With jobless rates still high in the US, and only marginally better in Canada, one of the hardest hit groups is likely to be young students and recent graduates who have only just begun to look for employment.
More young people out of work means more competition for students looking for jobs; so how can a student get an employer’s undivided attention, and more importantly, that seemingly elusive job offer?
“One of the main factors that distinguish people who are succeeding in today’s workplace from those who are struggling in it is how well they understand the need for self promotion and how effective they are at doing it,” says author Ron McGowan in his book How to Find Work in the 21st Century.
Finding work these days is not just about scouring job sites from home; it’s as much about selling yourself, your product or your service, as anything else. The best thing you can do for yourself as a job seeker is learn to communicate – through your résumé, website, the way you dress and speak – that you are the right person for the work. This means having a clear understanding in your mind about what you can contribute and how it will benefit those who “buy” it, and presenting this understanding in your cover letter and résumé, on your website and through the clothing you wear. It also means polishing your presentation and communication skills so that you have the ability to “sell” yourself at any time. Essentially, learning to market yourself is the key to finding work.

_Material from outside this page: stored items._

lemma binormal_deriv:
  assumes "s \<in> I"
  shows "(b has_vector_derivative (- v s * \<tau> s) *\<^sub>R n s) (at s)"
proof -
  have "(b has_vector_derivative
      cross3 (t s) (v s *\<^sub>R (\<tau> s *\<^sub>R b s - \<kappa> s *\<^sub>R t s)) + cross3 ((v s * \<kappa> s) *\<^sub>R n s) (n s)) (at s)"
    using has_vector_derivative_cross3[OF tangent_deriv normal_deriv, OF assms assms] .
  also have "cross3 (t s) (v s *\<^sub>R (\<tau> s *\<^sub>R b s - \<kappa> s *\<^sub>R t s)) + cross3 ((v s * \<kappa> s) *\<^sub>R n s) (n s)
      = (- v s * \<tau> s) *\<^sub>R n s"
    using frame_inner[OF assms]
    by (simp add: cross_mult_left cross_mult_right Cross3.right_diff_distrib cross3_cross3_right)
  finally show ?thesis .
qed

definition ratio :: "real \<Rightarrow> real" where "ratio s = \<tau> s / \<kappa> s"

(* deriv ratio s / v s is the derivative of the ratio with respect to arc length *)
definition sigma :: "real \<Rightarrow> real" where
  "sigma s = \<kappa> s ^ 2 / (\<kappa> s ^ 2 + \<tau> s ^ 2) powr (3/2) * deriv ratio s / v s"

(* the unit Darboux vector (tau t + kappa b) / sqrt (kappa^2 + tau^2) *)
definition darboux :: "real \<Rightarrow> real^3" where
  "darboux s = (1 / sqrt (1 + ratio s ^ 2)) *\<^sub>R (ratio s *\<^sub>R t s + b s)"

lemma torsion_eq: "s \<in> I \<Longrightarrow> \<tau> s = ratio s * \<kappa> s"
  using curvature_pos[of s] by (simp add: ratio_def)

lemma ratio_deriv: "s \<in> I \<Longrightarrow> (ratio has_real_derivative deriv ratio s) (at s)"
  using ratio_differentiable[of s] by (simp add: ratio_def[abs_def] DERIV_deriv_iff_real_differentiable)

lemma sigma_eq:
  assumes "s \<in> I"
  shows "sigma s = deriv ratio s / (v s * \<kappa> s * sqrt (1 + ratio s ^ 2) ^ 3)"
proof -
  define q where "q = sqrt (1 + ratio s ^ 2)"
  have k: "\<kappa> s > 0" and q: "q > 0" "q ^ 2 = 1 + ratio s ^ 2"
    using curvature_pos[OF assms] by (auto simp: q_def add_pos_nonneg)
  have "\<kappa> s ^ 2 + \<tau> s ^ 2 = (\<kappa> s * q) ^ 2"
    by (simp add: torsion_eq[OF assms] power_mult_distrib q(2) algebra_simps)
  then have "(\<kappa> s ^ 2 + \<tau> s ^ 2) powr (3/2) = \<kappa> s ^ 3 * q ^ 3"
    using k q by (simp add: powr_three_halves power_mult_distrib power2_eq_square power3_eq_cube)
  then show ?thesis
    using k q unfolding sigma_def q_def[symmetric] by (simp add: power2_eq_square power3_eq_cube)
qed

lemma darboux_frame:
  assumes "s \<in> I"
  shows "inner (darboux s) (darboux s) = 1" "inner (n s) (darboux s) = 0"
proof -
  have "1 + ratio s ^ 2 > 0" by (simp add: add_pos_nonneg)
  then show "inner (darboux s) (darboux s) = 1"
    using frame_inner[OF assms]
    by (simp add: darboux_def inner_add_left inner_add_right power2_eq_square field_simps)
  show "inner (n s) (darboux s) = 0"
    using frame_inner[OF assms] by (simp add: darboux_def inner_add_right)
qed

lemma darboux_deriv:
  assumes s: "s \<in> I"
  shows "(darboux has_vector_derivative
      (- sigma s) *\<^sub>R (v s *\<^sub>R (\<tau> s *\<^sub>R b s - \<kappa> s *\<^sub>R t s))) (at s)"
proof -
  define q where "q = sqrt (1 + ratio s ^ 2)"
  have q: "q > 0" "q ^ 2 = 1 + ratio s ^ 2" "1 + ratio s ^ 2 > 0"
    by (auto simp: q_def add_pos_nonneg)
  have "(darboux has_vector_derivative (deriv ratio s / q ^ 3) *\<^sub>R (t s - ratio s *\<^sub>R b s)) (at s)"
    unfolding darboux_def[abs_def] using q
    apply (auto intro!: derivative_eq_intros ratio_deriv tangent_deriv binormal_deriv s
        simp: q_def[symmetric] torsion_eq[OF s])
    apply (simp add: vec_eq_iff field_simps)
    using q(2) by algebra
  moreover have "(deriv ratio s / q ^ 3) *\<^sub>R (t s - ratio s *\<^sub>R b s)
      = (- sigma s) *\<^sub>R (v s *\<^sub>R (\<tau> s *\<^sub>R b s - \<kappa> s *\<^sub>R t s))"
    using speed_pos[OF s] curvature_pos[OF s]
    by (simp add: sigma_eq[OF s] torsion_eq[OF s] q_def[symmetric] vec_eq_iff field_simps)
  ultimately show ?thesis by simp
qed

definition helix_axis :: "real \<Rightarrow> real \<Rightarrow> real^3" where
  "helix_axis c s = (1 / sqrt (1 + c ^ 2)) *\<^sub>R (c *\<^sub>R n s + darboux s)"

lemma helix_axis_deriv:
  assumes "s \<in> I" "sigma s = c"
  shows "(helix_axis c has_vector_derivative 0) (at s)"
proof -
  have "((\<lambda>r. c *\<^sub>R n r + darboux r) has_vector_derivative 0) (at s)"
    using has_vector_derivative_add[OF has_vector_derivative_scaleR[OF DERIV_const[of c] normal_deriv]
        darboux_deriv, OF assms(1) assms(1)] assms(2) by simp
  then show ?thesis
    unfolding helix_axis_def[abs_def] using has_vector_derivative_scaleR[OF DERIV_const] by fastforce
qed

lemma helix_axis_frame:
  assumes "s \<in> I"
  shows "norm (helix_axis c s) = 1" "inner (n s) (helix_axis c s) = c / sqrt (1 + c ^ 2)"
proof -
  have c: "1 + c ^ 2 > 0" by (simp add: add_pos_nonneg)
  have "inner (helix_axis c s) (helix_axis c s) = 1"
    using frame_inner[OF assms] darboux_frame[OF assms] c
    by (simp add: helix_axis_def inner_add_left inner_add_right inner_commute power2_eq_square field_simps)
  then show "norm (helix_axis c s) = 1" by (simp add: norm_eq_sqrt_inner)
  show "inner (n s) (helix_axis c s) = c / sqrt (1 + c ^ 2)"
    using frame_inner[OF assms] darboux_frame[OF assms] by (simp add: helix_axis_def inner_add_right)
qed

It’s not the same [work] place your parents or grandparents worked in and your approach to being successful in it will have to be different from theirs. —Ron McGowan
To be successful, employment seekers also need to understand the changes the workplace is undergoing, and the difference between looking for a job and looking for work. Whereas a “job” used to mean secure, full-time employment, nowadays finding work could mean accepting contract or part-time work instead of a full-time job.
A willingness to look for contract or part-time work might actually put an applicant ahead of the competition. An employer is likely to look at all the candidates and think, “Will this person add something to my business, and will this person make my life easier?” If the applicant is prepared to take whatever kind of work is offered, he or she has an advantage over others.
To get work, some of the old tricks still apply: Employment seekers should become “news hounds,” diligently check job sites, and attend trade shows, conventions and meetings. They should learn to network effectively, and be creative while looking for work.
McGowan stresses, however, that in order to succeed in today’s changing work world, young people looking for employment must master the essential skill of marketing themselves.
“You must understand that your success in today’s workplace is tied directly to how effective you are at self-promotion,” he says.